(* Let $\mathcal{X}$ be a finite set, $\pi$ a probability mass function on $\mathcal{X}$ with full support, and $P$ a $\pi$-reversible transition matrix on $\mathcal{X}$. Let a group $\mathcal{G}$ act on $\mathcal{X}$ with orbits $\mathcal{O}_1,\dots,\mathcal{O}_k$, and let $G$ be the associated Gibbs orbit kernel. Then $\gamma(P)\ge\gamma(GPG)$. Equality holds when the maximum-achieving orbit $\mathcal{O}_i$ (in the definition of $\gamma(P)$) satisfies that $\sum_{y\notin\mathcal{O}_i}P(x,y)$ is the same for all $x\in\mathcal{O}_i$.
   Context: The Gibbs orbit kernel is $G(x,y)=\pi(y)/\pi(\mathcal{O}(x))$ if $y\in\mathcal{O}(x)$ (the orbit of $x$), and $0$ otherwise, where $\pi(A)=\sum_{z\in A}\pi(z)$. For a transition matrix $K$, $\gamma(K):=\max_{i\in\{1,\dots,k\}}\max_{x\in\mathcal{O}_i}\sum_{y\in\mathcal{X}\setminus\mathcal{O}_i}K(x,y)$. *)

theory Defs
  imports Complex_Main "HOL-Algebra.Group_Action"
begin

text \<open>Transition matrices on a finite state space X are functions 'a => 'a => real,
  only their values on X x X matter.\<close>

definition pmf_full_support :: "'a set \<Rightarrow> ('a \<Rightarrow> real) \<Rightarrow> bool" where
  "pmf_full_support X \<pi> \<longleftrightarrow> (\<forall>x\<in>X. \<pi> x > 0) \<and> (\<Sum>x\<in>X. \<pi> x) = 1"

definition transition_matrix :: "'a set \<Rightarrow> ('a \<Rightarrow> 'a \<Rightarrow> real) \<Rightarrow> bool" where
  "transition_matrix X P \<longleftrightarrow>
     (\<forall>x\<in>X. \<forall>y\<in>X. P x y \<ge> 0) \<and> (\<forall>x\<in>X. (\<Sum>y\<in>X. P x y) = 1)"

definition reversible :: "'a set \<Rightarrow> ('a \<Rightarrow> real) \<Rightarrow> ('a \<Rightarrow> 'a \<Rightarrow> real) \<Rightarrow> bool" where
  "reversible X \<pi> P \<longleftrightarrow> (\<forall>x\<in>X. \<forall>y\<in>X. \<pi> x * P x y = \<pi> y * P y x)"

definition matmul :: "'a set \<Rightarrow> ('a \<Rightarrow> 'a \<Rightarrow> real) \<Rightarrow> ('a \<Rightarrow> 'a \<Rightarrow> real) \<Rightarrow> 'a \<Rightarrow> 'a \<Rightarrow> real" where
  "matmul X A B x y = (\<Sum>z\<in>X. A x z * B z y)"

definition gibbs_orbit_kernel ::
  "('g, 'm) monoid_scheme \<Rightarrow> ('g \<Rightarrow> 'a \<Rightarrow> 'a) \<Rightarrow> ('a \<Rightarrow> real) \<Rightarrow> 'a \<Rightarrow> 'a \<Rightarrow> real" where
  "gibbs_orbit_kernel G \<phi> \<pi> x y =
     (if y \<in> orbit G \<phi> x then \<pi> y / (\<Sum>z\<in>orbit G \<phi> x. \<pi> z) else 0)"

definition escape :: "'a set \<Rightarrow> ('a \<Rightarrow> 'a \<Rightarrow> real) \<Rightarrow> 'a set \<Rightarrow> 'a \<Rightarrow> real" where
  "escape X K Orb x = (\<Sum>y\<in>X - Orb. K x y)"

definition gamma ::
  "('g, 'm) monoid_scheme \<Rightarrow> 'a set \<Rightarrow> ('g \<Rightarrow> 'a \<Rightarrow> 'a) \<Rightarrow> ('a \<Rightarrow> 'a \<Rightarrow> real) \<Rightarrow> real" where
  "gamma G X \<phi> K = Max ((\<lambda>Orb. Max (escape X K Orb ` Orb)) ` orbits G X \<phi>)"

end

theory Submission
  imports Defs
begin

text \<open>Started anywhere in an orbit O, the chain GPG first moves to a \<pi>-distributed point of O,
  then takes one step of P, and finally leaves O exactly when that step did, since G never
  moves between orbits. Hence its escape probability from O is the \<pi>-average over O of the
  escape probability of P, which is at most the maximum of the latter, with equality when that
  escape probability is constant on O.\<close>

definition weighted_mean :: "('a \<Rightarrow> real) \<Rightarrow> 'a set \<Rightarrow> ('a \<Rightarrow> real) \<Rightarrow> real" where
  "weighted_mean w A f = (\<Sum>z\<in>A. w z * f z) / (\<Sum>z\<in>A. w z)"

lemma weighted_mean_le:
  assumes "\<And>z. z \<in> A \<Longrightarrow> w z \<ge> 0" "\<And>z. z \<in> A \<Longrightarrow> f z \<le> c" "(\<Sum>z\<in>A. w z) > 0"
  shows "weighted_mean w A f \<le> c"
proof -
  have "(\<Sum>z\<in>A. w z * f z) \<le> (\<Sum>z\<in>A. w z * c)"
    using assms(1,2) by (intro sum_mono mult_left_mono)
  also have "\<dots> = c * (\<Sum>z\<in>A. w z)"
    by (simp add: sum_distrib_left mult.commute)
  finally show ?thesis
    using assms(3) by (simp add: weighted_mean_def pos_divide_le_eq)
qed

lemma weighted_mean_const:
  assumes "\<And>z. z \<in> A \<Longrightarrow> f z = c" "(\<Sum>z\<in>A. w z) \<noteq> 0"
  shows "weighted_mean w A f = c"
proof -
  have "(\<Sum>z\<in>A. w z * f z) = c * (\<Sum>z\<in>A. w z)"
    using assms(1) by (simp add: sum_distrib_left mult.commute)
  then show ?thesis
    using assms(2) by (simp add: weighted_mean_def)
qed

lemma escape_matmul: "escape X (matmul X A B) Orb x = (\<Sum>w\<in>X. A x w * escape X B Orb w)"
  unfolding escape_def matmul_def sum_distrib_left by (rule sum.swap)

lemma (in group_action) orbit_subset: "x \<in> E \<Longrightarrow> orbit G \<phi> x \<subseteq> E"
  unfolding orbit_def using element_image by blast

lemma (in group_action) orbits_subset: "Orb \<in> orbits G E \<phi> \<Longrightarrow> Orb \<subseteq> E"
  unfolding orbits_def using orbit_subset by blast

lemma (in group_action) orbit_in_orbits: "x \<in> E \<Longrightarrow> orbit G \<phi> x \<in> orbits G E \<phi>"
  unfolding orbits_def by blast

lemma (in group_action) finite_orbits: "finite E \<Longrightarrow> finite (orbits G E \<phi>)"
  by (simp add: orbits_def setcompr_eq_image)

lemma (in group_action) orbit_eq_if_mem_orbits:
  assumes "Orb \<in> orbits G E \<phi>" "x \<in> Orb"
  shows "orbit G \<phi> x = Orb"
proof -
  have "x \<in> E"
    using assms orbits_subset by blast
  then show ?thesis
    using disjoint_union[OF orbit_in_orbits assms(1)] orbit_refl assms(2) by blast
qed

lemma (in group_action) escape_le_gamma:
  assumes "finite E" "Orb \<in> orbits G E \<phi>" "x \<in> Orb"
  shows "escape E K Orb x \<le> gamma G E \<phi> K"
proof -
  have "finite Orb"
    using assms(1) orbits_subset[OF assms(2)] by (rule finite_subset[rotated])
  then have "escape E K Orb x \<le> Max (escape E K Orb ` Orb)"
    using assms(3) by simp
  also have "\<dots> \<le> gamma G E \<phi> K"
    unfolding gamma_def using finite_orbits[OF assms(1)] assms(2) by (intro Max_ge) auto
  finally show ?thesis .
qed

lemma (in group_action) gamma_eq_Max_if_escape_orbitwise_const:
  assumes "\<And>Orb x. Orb \<in> orbits G E \<phi> \<Longrightarrow> x \<in> Orb \<Longrightarrow> escape E K Orb x = c Orb"
  shows "gamma G E \<phi> K = Max (c ` orbits G E \<phi>)"
proof -
  have "escape E K Orb ` Orb = {c Orb}" if "Orb \<in> orbits G E \<phi>" for Orb
    using that assms orbit_refl by (auto simp: orbits_def)
  then show ?thesis
    unfolding gamma_def by (simp cong: image_cong)
qed

locale weighted_action = group_action G E \<phi> for G :: "('g, 'm) monoid_scheme" and E \<phi> +
  fixes \<pi> :: "'a \<Rightarrow> real"
  assumes finite_E: "finite E" and weight_pos: "\<And>x. x \<in> E \<Longrightarrow> \<pi> x > 0"
begin

lemma orbit_weight_pos:
  assumes "x \<in> E"
  shows "(\<Sum>z\<in>orbit G \<phi> x. \<pi> z) > 0"
proof -
  have "orbit G \<phi> x \<subseteq> E"
    using assms by (rule orbit_subset)
  then show ?thesis
    using orbit_refl[OF assms] finite_E weight_pos
    by (intro sum_pos2[where i = x]) (auto intro: finite_subset less_imp_le)
qed

lemma orbits_weight_pos: "Orb \<in> orbits G E \<phi> \<Longrightarrow> (\<Sum>z\<in>Orb. \<pi> z) > 0"
  by (auto simp: orbits_def orbit_weight_pos)

lemma sum_gibbs_orbit_kernel:
  assumes "x \<in> E" "orbit G \<phi> x \<subseteq> A" "A \<subseteq> E"
  shows "(\<Sum>y\<in>A. gibbs_orbit_kernel G \<phi> \<pi> x y) = 1"
proof -
  have "(\<Sum>y\<in>A. gibbs_orbit_kernel G \<phi> \<pi> x y) = (\<Sum>y\<in>orbit G \<phi> x. gibbs_orbit_kernel G \<phi> \<pi> x y)"
    using assms finite_E finite_subset
    by (intro sum.mono_neutral_right) (auto simp: gibbs_orbit_kernel_def)
  also have "\<dots> = (\<Sum>y\<in>orbit G \<phi> x. \<pi> y / (\<Sum>z\<in>orbit G \<phi> x. \<pi> z))"
    by (simp add: gibbs_orbit_kernel_def)
  also have "\<dots> = 1"
    using orbit_weight_pos[OF assms(1)] by (simp add: sum_divide_distrib[symmetric])
  finally show ?thesis .
qed

lemma escape_gibbs_orbit_kernel:
  assumes "Orb \<in> orbits G E \<phi>" "w \<in> E"
  shows "escape E (gibbs_orbit_kernel G \<phi> \<pi>) Orb w = (if w \<in> Orb then 0 else 1)"
proof (cases "w \<in> Orb")
  case True
  then show ?thesis
    using orbit_eq_if_mem_orbits[OF assms(1)] by (simp add: escape_def gibbs_orbit_kernel_def)
next
  case False
  then have "orbit G \<phi> w \<noteq> Orb"
    using orbit_refl[OF assms(2)] by blast
  then have "orbit G \<phi> w \<inter> Orb = {}"
    using disjoint_union[OF orbit_in_orbits[OF assms(2)] assms(1)] by blast
  then have "orbit G \<phi> w \<subseteq> E - Orb"
    using orbit_subset[OF assms(2)] by blast
  then show ?thesis
    using False assms(2) by (simp add: escape_def sum_gibbs_orbit_kernel)
qed

lemma escape_gibbs_conjugate:
  assumes "Orb \<in> orbits G E \<phi>" "x \<in> Orb"
  defines "K \<equiv> gibbs_orbit_kernel G \<phi> \<pi>"
  shows "escape E (matmul E (matmul E K P) K) Orb x = weighted_mean \<pi> Orb (escape E P Orb)"
proof -
  have Orb: "orbit G \<phi> x = Orb" "Orb \<subseteq> E"
    using orbit_eq_if_mem_orbits orbits_subset assms(1,2) by blast+
  have "escape E (matmul E (matmul E K P) K) Orb x
      = (\<Sum>w\<in>E. matmul E K P x w * (if w \<in> Orb then 0 else 1))"
    using assms(1) by (simp add: escape_matmul escape_gibbs_orbit_kernel K_def)
  also have "\<dots> = escape E (matmul E K P) Orb x"
    unfolding escape_def using finite_E by (intro sum.mono_neutral_cong_right) auto
  also have "\<dots> = (\<Sum>z\<in>E. K x z * escape E P Orb z)"
    by (rule escape_matmul)
  also have "\<dots> = (\<Sum>z\<in>Orb. K x z * escape E P Orb z)"
    using Orb finite_E by (intro sum.mono_neutral_right) (auto simp: K_def gibbs_orbit_kernel_def)
  also have "\<dots> = weighted_mean \<pi> Orb (escape E P Orb)"
    using Orb by (simp add: K_def gibbs_orbit_kernel_def weighted_mean_def sum_divide_distrib)
  finally show ?thesis .
qed

lemma weighted_mean_escape_le_gamma:
  assumes "Orb \<in> orbits G E \<phi>"
  shows "weighted_mean \<pi> Orb (escape E P Orb) \<le> gamma G E \<phi> P"
proof -
  have "Orb \<subseteq> E"
    using assms by (rule orbits_subset)
  then show ?thesis
    using assms weight_pos orbits_weight_pos escape_le_gamma[OF finite_E]
    by (intro weighted_mean_le) (auto intro: less_imp_le)
qed

lemma gamma_gibbs_conjugate:
  defines "K \<equiv> gibbs_orbit_kernel G \<phi> \<pi>"
  shows "gamma G E \<phi> (matmul E (matmul E K P) K)
           = Max ((\<lambda>Orb. weighted_mean \<pi> Orb (escape E P Orb)) ` orbits G E \<phi>)"
  unfolding K_def by (rule gamma_eq_Max_if_escape_orbitwise_const) (rule escape_gibbs_conjugate)

end

theorem proposition2p5:
  fixes G :: "('g, 'm) monoid_scheme" and X :: "'a set" and \<phi> :: "'g \<Rightarrow> 'a \<Rightarrow> 'a"
    and \<pi> :: "'a \<Rightarrow> real" and P :: "'a \<Rightarrow> 'a \<Rightarrow> real"
  assumes "finite X" and "X \<noteq> {}"
    and "pmf_full_support X \<pi>"
    and "transition_matrix X P"
    and "reversible X \<pi> P"
    and "group_action G X \<phi>"
  defines "K \<equiv> gibbs_orbit_kernel G \<phi> \<pi>"
  shows "gamma G X \<phi> P \<ge> gamma G X \<phi> (matmul X (matmul X K P) K) \<and>
         (\<forall>Orb\<in>orbits G X \<phi>.
            (\<exists>x\<in>Orb. escape X P Orb x = gamma G X \<phi> P) \<and>
            (\<forall>x\<in>Orb. \<forall>x'\<in>Orb. escape X P Orb x = escape X P Orb x') \<longrightarrow>
            gamma G X \<phi> P = gamma G X \<phi> (matmul X (matmul X K P) K))"
proof -
  interpret weighted_action G X \<phi> \<pi>
    using assms(1,3,6) by (intro weighted_action.intro weighted_action_axioms.intro)
      (auto simp: pmf_full_support_def)
  define avg where "avg Orb = weighted_mean \<pi> Orb (escape X P Orb)" for Orb
  have orbits_finite: "finite (orbits G X \<phi>)"
    using assms(1) by (rule finite_orbits)
  have orbits_nonempty: "orbits G X \<phi> \<noteq> {}"
    using assms(2) orbit_in_orbits by blast
  have gamma_conj: "gamma G X \<phi> (matmul X (matmul X K P) K) = Max (avg ` orbits G X \<phi>)"
    unfolding K_def avg_def by (rule gamma_gibbs_conjugate)
  have gamma_le: "gamma G X \<phi> (matmul X (matmul X K P) K) \<le> gamma G X \<phi> P"
    unfolding gamma_conj using orbits_finite orbits_nonempty
    by (simp add: Max_le_iff avg_def weighted_mean_escape_le_gamma)
  have gamma_eq: "gamma G X \<phi> P = gamma G X \<phi> (matmul X (matmul X K P) K)"
    if Orb: "Orb \<in> orbits G X \<phi>" and attained: "escape X P Orb x = gamma G X \<phi> P" "x \<in> Orb"
      and const: "\<forall>x\<in>Orb. \<forall>x'\<in>Orb. escape X P Orb x = escape X P Orb x'" for Orb x
  proof -
    have "escape X P Orb z = gamma G X \<phi> P" if "z \<in> Orb" for z
      using const attained that by metis
    then have "avg Orb = gamma G X \<phi> P"
      unfolding avg_def using orbits_weight_pos[OF Orb] by (intro weighted_mean_const) auto
    moreover have "avg Orb \<le> gamma G X \<phi> (matmul X (matmul X K P) K)"
      unfolding gamma_conj using orbits_finite Orb by (intro Max_ge) simp_all
    ultimately show ?thesis
      using gamma_le by linarith
  qed
  show ?thesis
    using gamma_le gamma_eq by blast
qed

end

---

WHAT THE TASK ASKS: Return, exactly as they stand, the lines from the start of the records above through the line with "X P \<longleftrightarrow>", both ends included, and no other lines.

ANSWER TO THIS EXERCISE:
(* Let $\mathcal{X}$ be a finite set, $\pi$ a probability mass function on $\mathcal{X}$ with full support, and $P$ a $\pi$-reversible transition matrix on $\mathcal{X}$. Let a group $\mathcal{G}$ act on $\mathcal{X}$ with orbits $\mathcal{O}_1,\dots,\mathcal{O}_k$, and let $G$ be the associated Gibbs orbit kernel. Then $\gamma(P)\ge\gamma(GPG)$. Equality holds when the maximum-achieving orbit $\mathcal{O}_i$ (in the definition of $\gamma(P)$) satisfies that $\sum_{y\notin\mathcal{O}_i}P(x,y)$ is the same for all $x\in\mathcal{O}_i$.
   Context: The Gibbs orbit kernel is $G(x,y)=\pi(y)/\pi(\mathcal{O}(x))$ if $y\in\mathcal{O}(x)$ (the orbit of $x$), and $0$ otherwise, where $\pi(A)=\sum_{z\in A}\pi(z)$. For a transition matrix $K$, $\gamma(K):=\max_{i\in\{1,\dots,k\}}\max_{x\in\mathcal{O}_i}\sum_{y\in\mathcal{X}\setminus\mathcal{O}_i}K(x,y)$. *)

theory Defs
  imports Complex_Main "HOL-Algebra.Group_Action"
begin

text \<open>Transition matrices on a finite state space X are functions 'a => 'a => real,
  only their values on X x X matter.\<close>

definition pmf_full_support :: "'a set \<Rightarrow> ('a \<Rightarrow> real) \<Rightarrow> bool" where
  "pmf_full_support X \<pi> \<longleftrightarrow> (\<forall>x\<in>X. \<pi> x > 0) \<and> (\<Sum>x\<in>X. \<pi> x) = 1"

definition transition_matrix :: "'a set \<Rightarrow> ('a \<Rightarrow> 'a \<Rightarrow> real) \<Rightarrow> bool" where
  "transition_matrix X P \<longleftrightarrow>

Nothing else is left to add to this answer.